lemma alpha_le_Suc_Suc:
  "alpha_le u e (Suc (Suc r)) = u (Suc (Suc r)) * alpha_le u e (Suc r) + e (Suc r) * alpha_le u e r"
proof -
  define summand where "summand r S = (\<Prod>i\<in>S. e i) * (\<Prod>j\<in>{1..r} - (S \<union> Suc ` S). u j)" for r S
  have alpha_le_sum: "alpha_le u e r = sum (summand r) (nocons_subsets r)" for r
    by (simp add: alpha_le_def nocons_subsets_def summand_def)
  have summand_avoiding: "summand (Suc (Suc r)) S = u (Suc (Suc r)) * summand (Suc r) S"
    if "S \<in> nocons_subsets (Suc r)" for S
  proof -
    have "{1..Suc (Suc r)} - (S \<union> Suc ` S) = insert (Suc (Suc r)) ({1..Suc r} - (S \<union> Suc ` S))"
      using that by (auto simp: nocons_subsets_def subset_iff)
    then show ?thesis by (simp add: summand_def algebra_simps)
  qed
  have summand_containing: "summand (Suc (Suc r)) (insert (Suc r) S) = e (Suc r) * summand r S"
    if S: "S \<in> nocons_subsets r" for S
  proof -
    have "finite S" "Suc r \<notin> S"
      using S by (auto simp: nocons_subsets_def intro: finite_subset)
    moreover have "{1..Suc (Suc r)} - (insert (Suc r) S \<union> Suc ` insert (Suc r) S) = {1..r} - (S \<union> Suc ` S)"
      using S by (auto simp: nocons_subsets_def subset_iff)
    ultimately show ?thesis by (simp add: summand_def algebra_simps)
  qed
  have disjoint: "nocons_subsets (Suc r) \<inter> insert (Suc r) ` nocons_subsets r = {}"
    by (auto simp: nocons_subsets_def)
  have inj: "inj_on (insert (Suc r)) (nocons_subsets r)"
    by (rule inj_onI, erule insert_ident[THEN iffD1, rotated 2]) (auto simp: nocons_subsets_def)
  have "alpha_le u e (Suc (Suc r)) = sum (summand (Suc (Suc r))) (nocons_subsets (Suc r))
      + sum (summand (Suc (Suc r))) (insert (Suc r) ` nocons_subsets r)"
    unfolding alpha_le_sum nocons_subsets_Suc_Suc
    by (rule sum.union_disjoint) (simp_all add: finite_nocons_subsets disjoint)
  also have "\<dots> = u (Suc (Suc r)) * alpha_le u e (Suc r) + e (Suc r) * alpha_le u e r"
    unfolding alpha_le_sum sum_distrib_left sum.reindex[OF inj] comp_def
    by (simp add: summand_avoiding summand_containing)
  finally show ?thesis .
qed

lemma alpha_le_continuant: "alpha_le u e r = continuant u e (Suc r)"
proof (induction r rule: nat_induct_two_step)
  case 0
  have "{S. S \<subseteq> {1..<0::nat} \<and> nocons S} = {{}}" by (auto simp: nocons_def)
  then show ?case by (simp add: alpha_le_def)
next
  case 1
  have "{S. S \<subseteq> {1..<1::nat} \<and> nocons S} = {{}}" by (auto simp: nocons_def)
  then show ?case by (simp add: alpha_le_def)
next
  case (Suc_Suc r)
  then show ?case by (simp add: alpha_le_Suc_Suc)
qed

lemma alpha_continuant: "alpha k u e r = continuant u e (nat (r + 1))"
proof -
  have "alpha_nat k u e r = continuant u e (Suc r)" for r
    by (induction k u e r rule: alpha_nat.induct) (auto simp: alpha_le_continuant)
  then show ?thesis
    by (auto simp: alpha_def Suc_nat_eq_nat_zadd1 add.commute)
qed

lemma alpha_of_nat_continuant: "alpha k u e (int r) = continuant u e (Suc r)"
proof -
  have "int r + 1 = int (Suc r)" by simp
  then show ?thesis by (simp only: alpha_continuant nat_int)
qed

lemma alpha_s_continuant: "alpha_s s k u e r = continuant (shift s u) (shift s e) (nat (r + 1))"
  by (simp add: alpha_s_def alpha_continuant)

lemma alpha_s_diff_continuant:
  assumes "s \<le> t"
  shows "alpha_s s k u e (int t - int s) = continuant (shift s u) (shift s e) (Suc (t - s))"
proof -
  have "nat (int t - int s + 1) = Suc (t - s)" using assms by simp
  then show ?thesis by (simp add: alpha_s_continuant)
qed

lemma beta_continuant:
  assumes "2 \<le> r"
  shows "beta k u e r = e k * continuant (shift 1 u) (shift 1 e) (r - 1)"
proof -
  have "r - 1 = Suc (r - 2)" using assms by simp
  then have "continuant (shift 1 u) (shift 1 e) (r - 1)
      = (\<Sum>S\<in>nocons_subsets (r - 2). (\<Prod>i\<in>S. e (1 + i)) * (\<Prod>j\<in>{1..r - 2} - (S \<union> Suc ` S). u (1 + j)))"
    by (simp only: alpha_le_continuant[symmetric]) (simp add: alpha_le_def nocons_subsets_def)
  also have "\<dots> = (\<Sum>S\<in>{S. S \<subseteq> {2..r - 2} \<and> nocons S}. (\<Prod>i\<in>S. e i) * (\<Prod>j\<in>{2..r - 1} - (S \<union> Suc ` S). u j))"
  proof (rule sum.reindex_bij_witness[where i = "image (\<lambda>i. i - 1)" and j = "image Suc"])
    fix S assume "S \<in> nocons_subsets (r - 2)"
    then show "Suc ` S \<in> {S. S \<subseteq> {2..r - 2} \<and> nocons S}"
      by (auto simp: nocons_subsets_def nocons_def)
    show "(\<lambda>i. i - 1) ` Suc ` S = S" by (simp add: image_image)
    have "{2..r - 1} = Suc ` {1..r - 2}" using assms by (auto simp: image_iff intro!: bexI[of _ "_ - 1"])
    then have "{2..r - 1} - (Suc ` S \<union> Suc ` Suc ` S) = Suc ` ({1..r - 2} - (S \<union> Suc ` S))"
      by (simp only: image_set_diff[OF inj_Suc] image_Un)
    then show "(\<Prod>i\<in>Suc ` S. e i) * (\<Prod>j\<in>{2..r - 1} - (Suc ` S \<union> Suc ` Suc ` S). u j)
        = (\<Prod>i\<in>S. e (1 + i)) * (\<Prod>j\<in>{1..r - 2} - (S \<union> Suc ` S). u (1 + j))"
      by (simp add: prod.reindex)
  next
    fix S assume S: "S \<in> {S. S \<subseteq> {2..r - 2} \<and> nocons S}"
    then have pos: "\<forall>i\<in>S. 2 \<le> i" by auto
    have "Suc ` (\<lambda>i. i - 1) ` S = (\<lambda>i. i) ` S"
      unfolding image_image by (rule image_cong) (use pos in auto)
    then show "Suc ` (\<lambda>i. i - 1) ` S = S" by simp
    have "(\<lambda>i. i - 1) ` S \<subseteq> {1..<r - 2}" using S by force
    moreover have "nocons ((\<lambda>i. i - 1) ` S)"
      unfolding nocons_def
    proof (intro ballI notI)
      fix j assume "j \<in> (\<lambda>i. i - 1) ` S" "Suc j \<in> (\<lambda>i. i - 1) ` S"
      then obtain i i' where i: "i \<in> S" "i' \<in> S" "j = i - 1" "Suc j = i' - 1" by blast
      then have "i' = Suc i" using pos by fastforce
      then show False using S i by (auto simp: nocons_def)
    qed
    ultimately show "(\<lambda>i. i - 1) ` S \<in> nocons_subsets (r - 2)"
      by (simp add: nocons_subsets_def)
  qed
  finally show ?thesis
    using assms by (simp add: beta_def sum_distrib_left mult.assoc)
qed

lemma continuant_split:
  "continuant u e (s + l + 1) = continuant u e (s + 1) * continuant (shift s u) (shift s e) (l + 1)
     + e s * continuant u e s * continuant (shift (Suc s) u) (shift (Suc s) e) l"
proof (induction l rule: nat_induct_two_step)
  case (Suc_Suc l)
  let ?C = "continuant (shift s u) (shift s e)" and ?C' = "continuant (shift (Suc s) u) (shift (Suc s) e)"
  have "continuant u e (s + Suc (Suc l) + 1)
      = u (s + l + 2) * continuant u e (s + Suc l + 1) + e (s + l + 1) * continuant u e (s + l + 1)"
    by (simp add: numeral_2_eq_2)
  moreover have "?C (Suc (Suc l) + 1) = u (s + l + 2) * ?C (Suc l + 1) + e (s + l + 1) * ?C (l + 1)"
    by (simp add: numeral_2_eq_2)
  moreover have "?C' (Suc (Suc l)) = u (s + l + 2) * ?C' (Suc l) + e (s + l + 1) * ?C' l"
    by (simp add: numeral_2_eq_2)
  ultimately show ?case
    unfolding Suc_Suc.IH by (simp add: algebra_simps)
qed (simp_all add: algebra_simps)

lemma continuant_split_zero:
  assumes "e s = 0"
  shows "continuant u e (s + l + 1) = continuant u e (s + 1) * continuant (shift s u) (shift s e) (l + 1)"
  using continuant_split[of u e s l] assms by simp

lemma continuant_casoratian:
  "continuant u e (l + 2) * continuant (shift 1 u) (shift 1 e) l
     - continuant (shift 1 u) (shift 1 e) (l + 1) * continuant u e (l + 1) = - (\<Prod>i = 1..l. - e i)"
proof (induction l)
  case (Suc l)
  let ?C = "continuant (shift 1 u) (shift 1 e)"
  have "continuant u e (Suc l + 2) = u (Suc (Suc l)) * continuant u e (l + 2) + e (Suc l) * continuant u e (l + 1)"
    and "?C (Suc l + 1) = u (Suc (Suc l)) * ?C (l + 1) + e (Suc l) * ?C l"
    by (simp_all add: numeral_2_eq_2)
  moreover have "(\<Prod>i = 1..Suc l. - e i) = (\<Prod>i = 1..l. - e i) * - e (Suc l)"
    by (simp add: prod.nat_ivl_Suc')
  ultimately show ?case
    using Suc.IH[symmetric] by (simp add: algebra_simps)
qed simp

lemma continuant_cross:
  assumes "r \<le> L"
  shows "continuant (shift 1 u) (shift 1 e) r * continuant u e (L + 1)
       - continuant u e (r + 1) * continuant (shift 1 u) (shift 1 e) L
     = - (\<Prod>i = 1..r. - e i) * continuant (shift (Suc r) u) (shift (Suc r) e) (L - r)"
proof (cases r)
  case (Suc r')
  let ?C = "continuant (shift 1 u) (shift 1 e)"
  let ?R = "continuant (shift r u) (shift r e) (L - r + 1)"
  let ?S = "continuant (shift (Suc r) u) (shift (Suc r) e) (L - r)"
  have split: "continuant u e (L + 1) = continuant u e (r + 1) * ?R + e r * continuant u e r * ?S"
    using continuant_split[of u e r "L - r"] assms by simp
  have split': "?C L = ?C r * ?R + e r * ?C r' * ?S"
    using continuant_split[of "shift 1 u" "shift 1 e" r' "L - r"] assms Suc by simp
  have cas: "?C r * continuant u e r - continuant u e (r + 1) * ?C r' = (\<Prod>i = 1..r'. - e i)"
    using continuant_casoratian[of u e r'] Suc by (simp add: algebra_simps)
  have "?C r * continuant u e (L + 1) - continuant u e (r + 1) * ?C L
      = e r * ?S * (?C r * continuant u e r - continuant u e (r + 1) * ?C r')"
    unfolding split split' by (simp add: algebra_simps)
  also have "\<dots> = - (\<Prod>i = 1..r. - e i) * ?S"
    unfolding cas using Suc by (simp add: prod.nat_ivl_Suc')
  finally show ?thesis .
qed simp

section \<open>Chebyshev polynomials of the second kind\<close>

definition chebU_summand :: "nat \<Rightarrow> 'a::comm_ring_1 \<Rightarrow> 'a \<Rightarrow> nat \<Rightarrow> 'a" where
  "chebU_summand m X Y i = (-1) ^ i * of_nat ((m - i) choose i) * X ^ (m - 2 * i) * Y ^ i"

lemma chebU_Suc_sum: "chebU (Suc m) X Y = (\<Sum>i\<le>m. chebU_summand m X Y i)"
proof -
  have "chebU (Suc m) X Y = (\<Sum>i = 0..m div 2. chebU_summand m X Y i)"
    by (simp add: chebU_def chebU_summand_def)
  also have "\<dots> = (\<Sum>i\<le>m. chebU_summand m X Y i)"
    by (rule sum.mono_neutral_left) (auto simp: chebU_summand_def binomial_eq_0)
  finally show ?thesis .
qed

lemma chebU_summand_Suc_Suc:
  "chebU_summand (Suc (Suc m)) X Y (Suc j) = X * chebU_summand (Suc m) X Y (Suc j) - Y * chebU_summand m X Y j"
proof (cases "j \<le> m")
  case True
  have pascal: "(Suc (Suc m) - Suc j) choose Suc j = ((m - j) choose j) + ((m - j) choose Suc j)"
    using True by (simp add: Suc_diff_le)
  show ?thesis
  proof (cases "Suc j \<le> m - j")
    case True
    then have "m - 2 * j = Suc (m - Suc (2 * j))" "Suc m - 2 * Suc j = m - Suc (2 * j)"
      "Suc (Suc m) - 2 * Suc j = Suc (m - Suc (2 * j))" by simp_all
    then show ?thesis unfolding chebU_summand_def pascal by (simp add: algebra_simps)
  next
    case False
    then have "of_nat ((m - j) choose Suc j) = (0::'a)" by (simp add: binomial_eq_0)
    moreover have "Suc m - Suc j = m - j" "Suc (Suc m) - 2 * Suc j = m - 2 * j" by simp_all
    ultimately show ?thesis unfolding chebU_summand_def pascal of_nat_add by (simp add: algebra_simps)
  qed
qed (simp add: chebU_summand_def binomial_eq_0)

lemma chebU_Suc_Suc: "chebU (Suc (Suc m)) X Y = X * chebU (Suc m) X Y - Y * chebU m X Y"
proof (cases m)
  case (Suc m')
  have "chebU (Suc (Suc m)) X Y = chebU_summand (Suc m) X Y 0 + (\<Sum>j\<le>m. chebU_summand (Suc m) X Y (Suc j))"
    unfolding chebU_Suc_sum by (rule sum.atMost_Suc_shift)
  also have "(\<Sum>j\<le>m. chebU_summand (Suc m) X Y (Suc j))
      = X * (\<Sum>j\<le>m. chebU_summand m X Y (Suc j)) - Y * (\<Sum>j\<le>m. chebU_summand m' X Y j)"
    unfolding Suc chebU_summand_Suc_Suc by (simp only: sum_distrib_left sum_subtractf)
  also have "(\<Sum>j\<le>m. chebU_summand m X Y (Suc j)) = chebU (Suc m) X Y - chebU_summand m X Y 0"
  proof -
    have "chebU_summand m X Y (Suc m) = 0" by (simp add: chebU_summand_def)
    moreover have "chebU (Suc m) X Y = chebU_summand m X Y 0 + (\<Sum>j\<le>m'. chebU_summand m X Y (Suc j))"
      unfolding chebU_Suc_sum Suc by (rule sum.atMost_Suc_shift)
    ultimately show ?thesis using Suc by simp
  qed
  also have "(\<Sum>j\<le>m. chebU_summand m' X Y j) = chebU m X Y"
    unfolding Suc chebU_Suc_sum by (simp add: chebU_summand_def binomial_eq_0)
  finally show ?thesis by (simp add: chebU_summand_def Suc algebra_simps)
qed (simp add: chebU_def)

lemma chebU_linear_recurrence:
  assumes "\<And>t. y (Suc (Suc t)) = X * y (Suc t) - Y * y t"
  shows "y (Suc t) = chebU (Suc t) X Y * y 1 - Y * chebU t X Y * y 0"
proof (induction t rule: nat_induct_two_step)
  case (Suc_Suc t)
  show ?case
    unfolding assms[of "Suc t"] Suc_Suc.IH chebU_Suc_Suc[of "Suc t"] chebU_Suc_Suc[of t]
    by (simp add: algebra_simps)
qed (simp_all add: chebU_def assms[of 0])

section \<open>Periodic coefficients\<close>

lemma periodic_add_mult:
  fixes k t :: nat
  assumes "\<And>x. f (x + k) = f x"
  shows "f (x + t * k) = f x"
proof (induction t)
  case (Suc t)
  have "f (x + Suc t * k) = f ((x + t * k) + k)" by (simp add: algebra_simps)
  then show ?case using assms Suc.IH by simp
qed simp

lemma shift_mult_period:
  fixes k t :: nat
  assumes "\<And>x. f (x + k) = f x"
  shows "shift (t * k + s) f = shift s f"
proof
  fix i
  show "f (t * k + s + i) = f (s + i)"
    using periodic_add_mult[of f k "s + i" t, OF assms] by (simp add: algebra_simps)
qed

context
  fixes u e :: "nat \<Rightarrow> 'a::comm_ring_1" and k :: nat
  assumes period_pos: "k \<ge> 1"
    and u_periodic: "\<And>x. u (x + k) = u x" and e_periodic: "\<And>x. e (x + k) = e x"
begin
lemma param_roots_frobenius_preimage:
  fixes u m :: "'a::field"
  assumes "CHAR('a) = 2" "q = 2 ^ k" "u ^ q = m"
  shows "1 / (u + u ^ q) ^ (q ^ 2 - q) = inverse (m ^ q + m) ^ (q - 1)"
    "u ^ (q ^ 3 - q) / (u + u ^ q) ^ (q ^ 2 - q) = (m ^ (q + 1) / (m ^ q + m)) ^ (q - 1)"
    "(u + 1) ^ (q ^ 3 - q) / (u + u ^ q) ^ (q ^ 2 - q)
       = ((m + 1) ^ (q + 1) / (m ^ q + m)) ^ (q - 1)"
    "u ^ q + u ^ (q ^ 2) = m ^ q + m"
    "inverse (u ^ q) + inverse (u ^ (q ^ 2)) = inverse m + inverse m ^ q"
    "inverse ((u + 1) ^ q) + inverse ((u + 1) ^ (q ^ 2)) = inverse (m + 1) + inverse (m + 1) ^ q"
proof -
  have frob: "(u + 1) ^ q = m + 1" "(u + u ^ q) ^ q = m ^ q + m"
    using assms(3) frobenius_add_CHAR_2[OF assms(1,2)] by (simp_all add: add.commute)
  show "1 / (u + u ^ q) ^ (q ^ 2 - q) = inverse (m ^ q + m) ^ (q - 1)"
    "u ^ (q ^ 3 - q) / (u + u ^ q) ^ (q ^ 2 - q) = (m ^ (q + 1) / (m ^ q + m)) ^ (q - 1)"
    "(u + 1) ^ (q ^ 3 - q) / (u + u ^ q) ^ (q ^ 2 - q)
       = ((m + 1) ^ (q + 1) / (m ^ q + m)) ^ (q - 1)"
    unfolding power_square_minus_self[of "u + u ^ q"] power_cube_minus_self power_divide
    using assms(3) frob by (simp_all add: power_one_over inverse_eq_divide)
  have "u ^ (q ^ 2) = m ^ q" "(u + 1) ^ (q ^ 2) = (m + 1) ^ q"
    using assms(3) frob by (simp_all add: power2_eq_square power_mult)
  then show "u ^ q + u ^ (q ^ 2) = m ^ q + m"
    "inverse (u ^ q) + inverse (u ^ (q ^ 2)) = inverse m + inverse m ^ q"
    "inverse ((u + 1) ^ q) + inverse ((u + 1) ^ (q ^ 2)) = inverse (m + 1) + inverse (m + 1) ^ q"
    using assms(3) frob by (simp_all add: add.commute power_inverse)
qed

....................

# Problem requirements
Please show the lines of the material that contain the string "assumes".

# Solution for this exercise
  assumes "s \<le> t"
  assumes "2 \<le> r"
  assumes "e s = 0"
  assumes "r \<le> L"
  assumes "\<And>t. y (Suc (Suc t)) = X * y (Suc t) - Y * y t"
  assumes "\<And>x. f (x + k) = f x"
  assumes "\<And>x. f (x + k) = f x"
  assumes period_pos: "k \<ge> 1"
  assumes "CHAR('a) = 2" "q = 2 ^ k" "u ^ q = m"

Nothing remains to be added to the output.